Anyone who receives a call of this nature or any other scam should report it immediately to their local law enforcement agency. 

Residents who live in the city of Lancaster should call the Lancaster Police Department at (803) 283-1171, (803) 283-3313, or the LPD’s anonymous tip hotline at (803) 289-6040, while all other residents should contact the  Lancaster County Sheriff’s Office’s non-emergency line at (803) 283-4136.

Common telemarketing fraud schemes

The following are some of the most common scams that the FBI investigates and tips to help prevent you from being victimized. When you send money to people you do not know personally or give personal or financial information to unknown callers, you increase your chances of becoming a victim of telemarketing fraud. Here are some warning signs of telemarketing fraud – what a caller may tell you:

– “You must act ‘now’ or the offer won’t be good.”

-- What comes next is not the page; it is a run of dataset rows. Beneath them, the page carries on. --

(* Let $n_b\ge 1$, $d_l\ge 4$, $L\ge 5$, $M\ge 1$ be integers, and let $H$ be a quasi-cyclic SC-LDPC parity-check matrix with parameters $(n_b,d_l,L,M)$ and reuse $T=3$ (as defined in the context). Then, for every choice of the shift values $p_{x,y}$ satisfying the reuse-$3$ condition, the Tanner graph of $H$ contains a cycle of length at most $10$; in particular its girth is at most $10$.
   Context: Quasi-cyclic SC-LDPC matrix: fix integers $n_b\ge1$ (bit nodes per protograph; one check node per protograph), $d_l\ge 2$, $L\ge1$, $M\ge1$. $H$ is a binary block matrix with $L+d_l-1$ block rows (indexed $x=1,\dots,L+d_l-1$) and $n_bL$ block columns (indexed $y=1,\dots,n_bL$), each block of size $M\times M$. For a block column $y$ put $t(y)=\lceil y/n_b\rceil$. Block $(x,y)$ is the all-zero matrix unless $t(y)\le x\le t(y)+d_l-1$, in which case it equals the circulant permutation matrix $I_{(p_{x,y})}$ for a shift value $p_{x,y}\in\{0,\dots,M-1\}$; here $I_{(p)}$ is the $M\times M$ matrix whose row $r$ ($0\le r\le M-1$) has a single $1$, in column $(r+p)\bmod M$, and zeros elsewhere. Reuse-$T$ condition (periodic time-variant construction with period $T$): $p_{x+T,\,y+Tn_b}=p_{x,y}$ whenever both $(x,y)$ and $(x+T,y+Tn_b)$ are nonzero blocks of $H$; otherwise the shift values are arbitrary. The Tanner graph of $H$ is the bipartite graph with one bit node per column and one check node per row of $H$, a bit node and check node being adjacent iff the corresponding entry of $H$ is $1$. The girth is the length of a shortest cycle in the Tanner graph. *)

theory Defs
  imports Main "HOL-Library.Extended_Nat"
begin

text \<open>Block column y (1-indexed) belongs to protograph time t(y) = ceil(y / nb).\<close>
definition tcol :: "nat \<Rightarrow> nat \<Rightarrow> nat" where
  "tcol nb y = (y + nb - 1) div nb"

definition nonzero_block :: "nat \<Rightarrow> nat \<Rightarrow> nat \<Rightarrow> nat \<Rightarrow> nat \<Rightarrow> bool" where
  "nonzero_block nb dl L x y \<longleftrightarrow>
     1 \<le> x \<and> x \<le> L + dl - 1 \<and> 1 \<le> y \<and> y \<le> nb * L \<and>
     tcol nb y \<le> x \<and> x \<le> tcol nb y + dl - 1"

text \<open>Entry of H at row r (0..M-1) of block row x and column c (0..M-1) of block column y.
  The block is I_(p x y): row r has its single 1 in column (r + p) mod M.\<close>
definition H_entry :: "nat \<Rightarrow> nat \<Rightarrow> nat \<Rightarrow> nat \<Rightarrow> (nat \<Rightarrow> nat \<Rightarrow> nat)
                       \<Rightarrow> nat \<Rightarrow> nat \<Rightarrow> nat \<Rightarrow> nat \<Rightarrow> bool" where
  "H_entry nb dl L M p x r y c \<longleftrightarrow>
     nonzero_block nb dl L x y \<and> r < M \<and> c < M \<and> c = (r + p x y) mod M"

definition valid_shifts :: "nat \<Rightarrow> nat \<Rightarrow> nat \<Rightarrow> nat \<Rightarrow> (nat \<Rightarrow> nat \<Rightarrow> nat) \<Rightarrow> bool" where
  "valid_shifts nb dl L M p \<longleftrightarrow>
     (\<forall>x y. nonzero_block nb dl L x y \<longrightarrow> p x y < M)"

definition reuse_cond :: "nat \<Rightarrow> nat \<Rightarrow> nat \<Rightarrow> nat \<Rightarrow> (nat \<Rightarrow> nat \<Rightarrow> nat) \<Rightarrow> bool" where
  "reuse_cond nb dl L T p \<longleftrightarrow>
     (\<forall>x y. nonzero_block nb dl L x y \<and> nonzero_block nb dl L (x + T) (y + T * nb)
            \<longrightarrow> p (x + T) (y + T * nb) = p x y)"

text \<open>Tanner graph nodes: bit node (block column y, offset c), check node (block row x, offset r).\<close>
datatype tnode = Bit nat nat | Chk nat nat

fun tanner_adj :: "nat \<Rightarrow> nat \<Rightarrow> nat \<Rightarrow> nat \<Rightarrow> (nat \<Rightarrow> nat \<Rightarrow> nat) \<Rightarrow> tnode \<Rightarrow> tnode \<Rightarrow> bool" where
  "tanner_adj nb dl L M p (Bit y c) (Chk x r) = H_entry nb dl L M p x r y c"
| "tanner_adj nb dl L M p (Chk x r) (Bit y c) = H_entry nb dl L M p x r y c"
| "tanner_adj nb dl L M p _ _ = False"

definition tanner_cycle :: "nat \<Rightarrow> nat \<Rightarrow> nat \<Rightarrow> nat \<Rightarrow> (nat \<Rightarrow> nat \<Rightarrow> nat) \<Rightarrow> nat \<Rightarrow> bool" where
  "tanner_cycle nb dl L M p k \<longleftrightarrow>
     (\<exists>vs. length vs = k \<and> 3 \<le> k \<and> distinct vs \<and>
        (\<forall>i<k. tanner_adj nb dl L M p (vs ! i) (vs ! ((i + 1) mod k))))"

text \<open>Girth: length of a shortest cycle (infinity if acyclic).\<close>
definition tanner_girth :: "nat \<Rightarrow> nat \<Rightarrow> nat \<Rightarrow> nat \<Rightarrow> (nat \<Rightarrow> nat \<Rightarrow> nat) \<Rightarrow> enat" where
  "tanner_girth nb dl L M p = (INF k \<in> {k. tanner_cycle nb dl L M p k}. enat k)"

end

theory Submission
  imports Defs
begin

text \<open>
  Under reuse 3 the blocks of block rows 5, 6 and protograph times 4, 5 repeat those of rows
  2, 3 and times 1, 2 (L \<ge> 5 makes time 5 exist). So the base 4-cycle through checks 2, 3 and
  times 1, 2 and its translate through checks 5, 6 and times 4, 5 have opposite shift sums, and
  they are joined by the edge between check 5 and time 2 (available as d_l \<ge> 4). If the shift sum S of the first
  4-cycle vanishes mod M, that 4-cycle lifts to a 4-cycle of the Tanner graph. Otherwise, going
  around the first 4-cycle, across to check 5, around the translate and back gives a closed walk
  of length 10 with total shift sum 0, which lifts to a closed walk; its two visits of check 5 and
  of time 2 occur at circulant offsets differing by S \<noteq> 0 mod M, so the lift is a 10-cycle.
\<close>

lemma successively_nth:
  assumes "successively P xs" "Suc i < length xs"
  shows "P (xs ! i) (xs ! Suc i)"
  using assms
proof (induction P xs arbitrary: i rule: successively.induct)
  case (3 P x y xs)
  then show ?case by (cases i) auto
qed auto

lemma tanner_cycleI:
  assumes len: "length vs = k" and "distinct vs" "3 \<le> k"
    and adj: "successively (tanner_adj nb dl L M p) vs"
    and closing: "tanner_adj nb dl L M p (last vs) (hd vs)"
  shows "tanner_cycle nb dl L M p k"
  unfolding tanner_cycle_def
proof (intro exI[of _ vs] conjI allI impI)
  fix i assume i: "i < k"
  show "tanner_adj nb dl L M p (vs ! i) (vs ! ((i + 1) mod k))"
  proof (cases "Suc i < k")
    case True
    then show ?thesis using successively_nth[OF adj] len by simp
  next
    case False
    then have "i = k - 1" using i by simp
    moreover have "vs \<noteq> []" using len \<open>3 \<le> k\<close> by auto
    ultimately have "vs ! i = last vs" "(i + 1) mod k = 0" "vs ! 0 = hd vs"
      using len \<open>3 \<le> k\<close> by (simp_all add: last_conv_nth hd_conv_nth)
    then show ?thesis using closing by simp
  qed
qed (use assms in auto)

lemma tanner_girth_le:
  assumes "tanner_cycle nb dl L M p k"
  shows "tanner_girth nb dl L M p \<le> enat k"
  unfolding tanner_girth_def using assms by (intro INF_lower) simp

lemma tanner_adj_commute: "tanner_adj nb dl L M p u v = tanner_adj nb dl L M p v u"
  by (cases u; cases v) simp_all

text \<open>Circulant offsets are handled as integers, reduced mod M only when forming a node.\<close>

definition residue :: "nat \<Rightarrow> int \<Rightarrow> nat" where
  "residue M a = nat (a mod int M)"

lemma residue_eq_iff: "M \<ge> 1 \<Longrightarrow> residue M a = residue M b \<longleftrightarrow> a mod int M = b mod int M"
  unfolding residue_def by (simp add: eq_nat_nat_iff)

lemma tanner_adj_Chk_Bit_residue:
  assumes "M \<ge> 1" "nonzero_block nb dl L x y"
    and "(a + int (p x y)) mod int M = b mod int M"
  shows "tanner_adj nb dl L M p (Chk x (residue M a)) (Bit y (residue M b))"
proof -
  have "int ((nat (a mod int M) + p x y) mod M) = (a + int (p x y)) mod int M"
    using assms(1) by (simp add: zmod_int mod_add_left_eq)
  then have "(residue M a + p x y) mod M = residue M b"
    using assms(3) unfolding residue_def by (metis nat_int)
  then show ?thesis
    using assms(1,2) by (simp add: H_entry_def residue_def nat_less_iff)
qed

lemma tanner_adj_Bit_Chk_residue:
  assumes "M \<ge> 1" "nonzero_block nb dl L x y"
    and "(a + int (p x y)) mod int M = b mod int M"
  shows "tanner_adj nb dl L M p (Bit y (residue M b)) (Chk x (residue M a))"
  using tanner_adj_Chk_Bit_residue[where p = p, OF assms] by (simp add: tanner_adj_commute)

lemma tanner_cycle_4_lift:
  assumes M: "M \<ge> 1" and "x \<noteq> x'" "y \<noteq> y'"
    and "nonzero_block nb dl L x y" "nonzero_block nb dl L x' y"
    and "nonzero_block nb dl L x' y'" "nonzero_block nb dl L x y'"
    and sum: "(int (p x y) - p x' y + p x' y' - p x y') mod int M = 0"
  shows "tanner_cycle nb dl L M p 4"
proof -
  define s1 where "s1 = int (p x y)"
  define s2 where "s2 = s1 - p x' y"
  define s3 where "s3 = s2 + p x' y'"
  have s3_minus: "s3 - int (p x y') = int (p x y) - p x' y + p x' y' - p x y'"
    unfolding s3_def s2_def s1_def by simp
  have "int M dvd s3 - int (p x y')"
    using sum by (simp only: s3_minus mod_eq_0_iff_dvd)
  then have close: "(0 + int (p x y')) mod int M = s3 mod int M"
    by (simp add: mod_eq_dvd_iff dvd_diff_commute)
  let ?vs = "[Chk x (residue M 0), Bit y (residue M s1), Chk x' (residue M s2), Bit y' (residue M s3)]"
  have "successively (tanner_adj nb dl L M p) ?vs"
    unfolding successively.simps
    by (intro conjI TrueI tanner_adj_Chk_Bit_residue tanner_adj_Bit_Chk_residue M)
      (simp_all add: assms s1_def s2_def s3_def)
  moreover have "tanner_adj nb dl L M p (last ?vs) (hd ?vs)"
    using M close assms(7) by (simp del: tanner_adj.simps add: tanner_adj_Bit_Chk_residue)
  ultimately show ?thesis
    using assms(2,3) by (intro tanner_cycleI[where vs = ?vs]) simp_all
qed

lemma tanner_cycle_10_lift:
  assumes M: "M \<ge> 1" and "distinct [x, x', x'', x''']" "distinct [y, y', y'', y''']"
    and "nonzero_block nb dl L x y" "nonzero_block nb dl L x' y"
    and "nonzero_block nb dl L x' y'" "nonzero_block nb dl L x y'"
    and "nonzero_block nb dl L x'' y'"
    and "nonzero_block nb dl L x'' y''" "nonzero_block nb dl L x''' y''"
    and "nonzero_block nb dl L x''' y'''" "nonzero_block nb dl L x'' y'''"
    and S_eq: "S = int (p x y) - p x' y + p x' y' - p x y'"
    and opposite: "int (p x'' y'') - p x''' y'' + p x''' y''' - p x'' y''' = - S"
    and S_nonzero: "S mod int M \<noteq> 0"
  shows "tanner_cycle nb dl L M p 10"
proof -
  define s1 where "s1 = int (p x y)"
  define s2 where "s2 = s1 - p x' y"
  define s3 where "s3 = s2 + p x' y'"
  define s4 where "s4 = s3 - p x'' y'"
  define s5 where "s5 = s4 + p x'' y''"
  define s6 where "s6 = s5 - p x''' y''"
  define s7 where "s7 = s6 + p x''' y'''"
  define s8 where "s8 = s7 - p x'' y'''"
  define s9 where "s9 = s8 + p x'' y'"
  have s8: "s8 = s4 - S" and s9: "s9 = s3 - S"
    using opposite unfolding s9_def s8_def s7_def s6_def s5_def s4_def by simp_all
  have close: "(0 + int (p x y')) mod int M = s9 mod int M"
    unfolding s9 s3_def s2_def s1_def S_eq by simp
  have "s4 mod int M \<noteq> s8 mod int M" "s3 mod int M \<noteq> s9 mod int M"
    using S_nonzero unfolding s8 s9 by (simp_all add: mod_eq_dvd_iff dvd_eq_mod_eq_0)
  then have distinct_offsets: "residue M s4 \<noteq> residue M s8" "residue M s3 \<noteq> residue M s9"
    using residue_eq_iff[OF M] by blast+
  let ?vs = "[Chk x (residue M 0), Bit y (residue M s1), Chk x' (residue M s2),
    Bit y' (residue M s3), Chk x'' (residue M s4), Bit y'' (residue M s5),
    Chk x''' (residue M s6), Bit y''' (residue M s7), Chk x'' (residue M s8),
    Bit y' (residue M s9)]"
  have "distinct ?vs"
    using assms(2,3) distinct_offsets by auto
  moreover have "successively (tanner_adj nb dl L M p) ?vs"
    unfolding successively.simps
    by (intro conjI TrueI tanner_adj_Chk_Bit_residue tanner_adj_Bit_Chk_residue M)
      (simp_all add: assms s1_def s2_def s3_def s4_def s5_def s6_def s7_def s8_def s9_def)
  moreover have "tanner_adj nb dl L M p (last ?vs) (hd ?vs)"
    using M close assms(7) by (simp del: tanner_adj.simps add: tanner_adj_Bit_Chk_residue)
  ultimately show ?thesis
    by (intro tanner_cycleI[where vs = ?vs]) simp_all
qed

lemma tcol_first_column: "nb \<ge> 1 \<Longrightarrow> tcol nb (k * nb + 1) = Suc k"
  unfolding tcol_def by simp

lemma nonzero_block_first_column:
  assumes "nb \<ge> 1" "k < L" "k < x" "x \<le> k + dl" "x \<le> L + dl - 1"
  shows "nonzero_block nb dl L x (k * nb + 1)"
proof -
  have "k * nb + 1 \<le> Suc k * nb" using assms(1) by simp
  also have "\<dots> \<le> L * nb" using assms(2) by (intro mult_le_mono1) simp
  finally show ?thesis
    using assms tcol_first_column[OF assms(1), of k] by (simp add: nonzero_block_def mult.commute)
qed

theorem lemma3:
  fixes nb dl L M :: nat and p :: "nat \<Rightarrow> nat \<Rightarrow> nat"
  assumes "nb \<ge> 1" and "dl \<ge> 4" and "L \<ge> 5" and "M \<ge> 1"
    and "valid_shifts nb dl L M p"
    and "reuse_cond nb dl L 3 p"
  shows "(\<exists>k \<le> 10. tanner_cycle nb dl L M p k) \<and> tanner_girth nb dl L M p \<le> 10"
proof -
  \<comment> \<open>H reduces shifts mod M itself.\<close>
  define col where "col k = k * nb + 1" for k
  have nz: "nonzero_block nb dl L x (col k)" if "k < x" "x \<le> k + 4" "x \<le> 6" "k \<le> 4" for x k
    using nonzero_block_first_column[OF assms(1)] that assms(2,3) unfolding col_def by simp
  have reuse: "p (x + 3) (col (k + 3)) = p x (col k)" if "k < x" "x \<le> k + 4" "x \<le> 3" "k \<le> 1" for x k
  proof -
    have "col (k + 3) = col k + 3 * nb" unfolding col_def by (simp add: algebra_simps)
    moreover have "nonzero_block nb dl L x (col k)" "nonzero_block nb dl L (x + 3) (col (k + 3))"
      using that by (simp_all add: nz)
    ultimately show ?thesis using assms(6) unfolding reuse_cond_def by metis
  qed
  define S where "S = int (p 2 (col 0)) - p 3 (col 0) + p 3 (col 1) - p 2 (col 1)"
  have opposite: "int (p 5 (col 4)) - p 6 (col 4) + p 6 (col 3) - p 5 (col 3) = - S"
    using reuse[of 0 2] reuse[of 0 3] reuse[of 1 2] reuse[of 1 3] unfolding S_def by simp
  have "distinct [col 0, col 1, col 4, col 3]"
    using assms(1) unfolding col_def by simp
  then obtain k where k: "k \<le> 10" "tanner_cycle nb dl L M p k"
  proof (cases "S mod int M = 0")
    case True
    then have "tanner_cycle nb dl L M p 4"
      using assms(4) \<open>distinct _\<close> unfolding S_def
      by (intro tanner_cycle_4_lift[where x = 2 and x' = 3 and y = "col 0" and y' = "col 1"])
        (simp_all add: nz)
    then show ?thesis using that[of 4] by simp
  next
    case False
    then have "tanner_cycle nb dl L M p 10"
      using assms(4) \<open>distinct _\<close> opposite
      by (intro tanner_cycle_10_lift[where x = 2 and x' = 3 and x'' = 5 and x''' = 6
            and y = "col 0" and y' = "col 1" and y'' = "col 4" and y''' = "col 3" and S = S])
        (simp_all add: nz S_def)
    then show ?thesis using that[of 10] by simp
  qed
  have "tanner_girth nb dl L M p \<le> enat k" using k(2) by (rule tanner_girth_le)
  also have "\<dots> \<le> 10" using k(1) by (simp add: numeral_eq_enat)
  finally show ?thesis using k by blast
qed

end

– “You’ve won a ‘free’ gift, vacation, or prize.” But you have to pay for “postage and handling” or other charges.

– “You must send money, give a credit card or bank account number, or have a check picked up by courier.” You may hear this before you have had a chance to consider the offer carefully.

– “You don’t need to check out the company with anyone.” The callers say you do not need to speak to anyone including your family, lawyer, accountant, local Better Business Bureau, or consumer protection agency.

– “You don’t need any written information about their company or their references.”

– “You can’t afford to miss this ‘high-profit, no-risk’ offer.”

If you hear these or similar “lines” from a telephone salesperson, just say “no thank you” and hang up the telephone.